Sterling fell to $1.6974 following the comments, before recovering slightly to trade 0.16 percent lower.
'Limited and gradual'
The central bank head added that the exact timing of a rate hike would be "driven by the data", and stressed that any rises would be "limited and gradual".
"This is the key message that the Bank of England is looking to get across and for businesses and consumers to take on board," Howard Archer, chief U.K. economist at IHS Global Insight, said in a note.
"The bank wants households and firms to structure their spending and investment decisions around the fact that while interest rates cannot stay down at 0.50 percent for a whole lot longer, they will not rise nearly as quickly or as far as in past tightening cycles."
When asked why he surprised investors with his more hawkish comments earlier this month, Carney said markets had not taken into account the firmer economic data coming out of the U.K.
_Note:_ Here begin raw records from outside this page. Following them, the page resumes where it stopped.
lemma contains_14253_iff:
  "contains \<pi> [1,4,2,5,3] \<longleftrightarrow>
    (\<exists>a b c d e. a < b \<and> b < c \<and> c < d \<and> d < e \<and> e < length \<pi> \<and>
      \<pi>!a < \<pi>!c \<and> \<pi>!c < \<pi>!e \<and> \<pi>!e < \<pi>!b \<and> \<pi>!b < \<pi>!d)"
proof
  assume "contains \<pi> [1,4,2,5,3]"
  then obtain idx where mono: "\<forall>a b. a < b \<and> b < length [1,4,2,5,3::nat] \<longrightarrow> idx a < idx b"
    and bound: "\<forall>a<length [1,4,2,5,3::nat]. idx a < length \<pi>"
    and order: "\<forall>a<length [1,4,2,5,3::nat]. \<forall>b<length [1,4,2,5,3::nat].
      (\<pi> ! idx a < \<pi> ! idx b) \<longleftrightarrow> ([1,4,2,5,3::nat] ! a < [1,4,2,5,3] ! b)"
    unfolding contains_def by blast
  have "idx 0 < idx 1" "idx 1 < idx 2" "idx 2 < idx 3" "idx 3 < idx 4" "idx 4 < length \<pi>"
    using mono bound by auto
  moreover have "\<pi>!idx 0 < \<pi>!idx 2" "\<pi>!idx 2 < \<pi>!idx 4" "\<pi>!idx 4 < \<pi>!idx 1" "\<pi>!idx 1 < \<pi>!idx 3"
    using order[rule_format, of 0 2] order[rule_format, of 2 4]
      order[rule_format, of 4 1] order[rule_format, of 1 3] by auto
  ultimately show "\<exists>a b c d e. a < b \<and> b < c \<and> c < d \<and> d < e \<and> e < length \<pi> \<and>
      \<pi>!a < \<pi>!c \<and> \<pi>!c < \<pi>!e \<and> \<pi>!e < \<pi>!b \<and> \<pi>!b < \<pi>!d" by blast
next
  assume "\<exists>a b c d e. a < b \<and> b < c \<and> c < d \<and> d < e \<and> e < length \<pi> \<and>
      \<pi>!a < \<pi>!c \<and> \<pi>!c < \<pi>!e \<and> \<pi>!e < \<pi>!b \<and> \<pi>!b < \<pi>!d"
  then obtain a b c d e where "a < b" "b < c" "c < d" "d < e" "e < length \<pi>"
    "\<pi>!a < \<pi>!c" "\<pi>!c < \<pi>!e" "\<pi>!e < \<pi>!b" "\<pi>!b < \<pi>!d" by blast
  then show "contains \<pi> [1,4,2,5,3]" unfolding contains_def
    by (intro exI[of _ "\<lambda>x. [a,b,c,d,e] ! x"]) (auto simp: less_Suc_eq numeral_eq_Suc)
qed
"We'd like to see the market adjust to the data, just as our opinions are updating," Carney said. "We hadn't seen (that)." He stressed that it was "healthy" for market expectations for a rate rise to react to relevant economic data.
The U.K. economy had gathered more momentum than previously thought, Carney added.
It comes as the unemployment rate in the country continued to fall in the three months to April, hitting 6.6 percent, its lowest level since 2009. In the first three months of the year, the British economy grew by 0.8 percent , marking the fifth quarter of expansion in a row.
IHS' Archer added: "With the economy currently sustaining healthy momentum and the unemployment rate coming down markedly, we believe that the first interest rate hike is more likely than not to come in late-2014, although it is far from a done deal."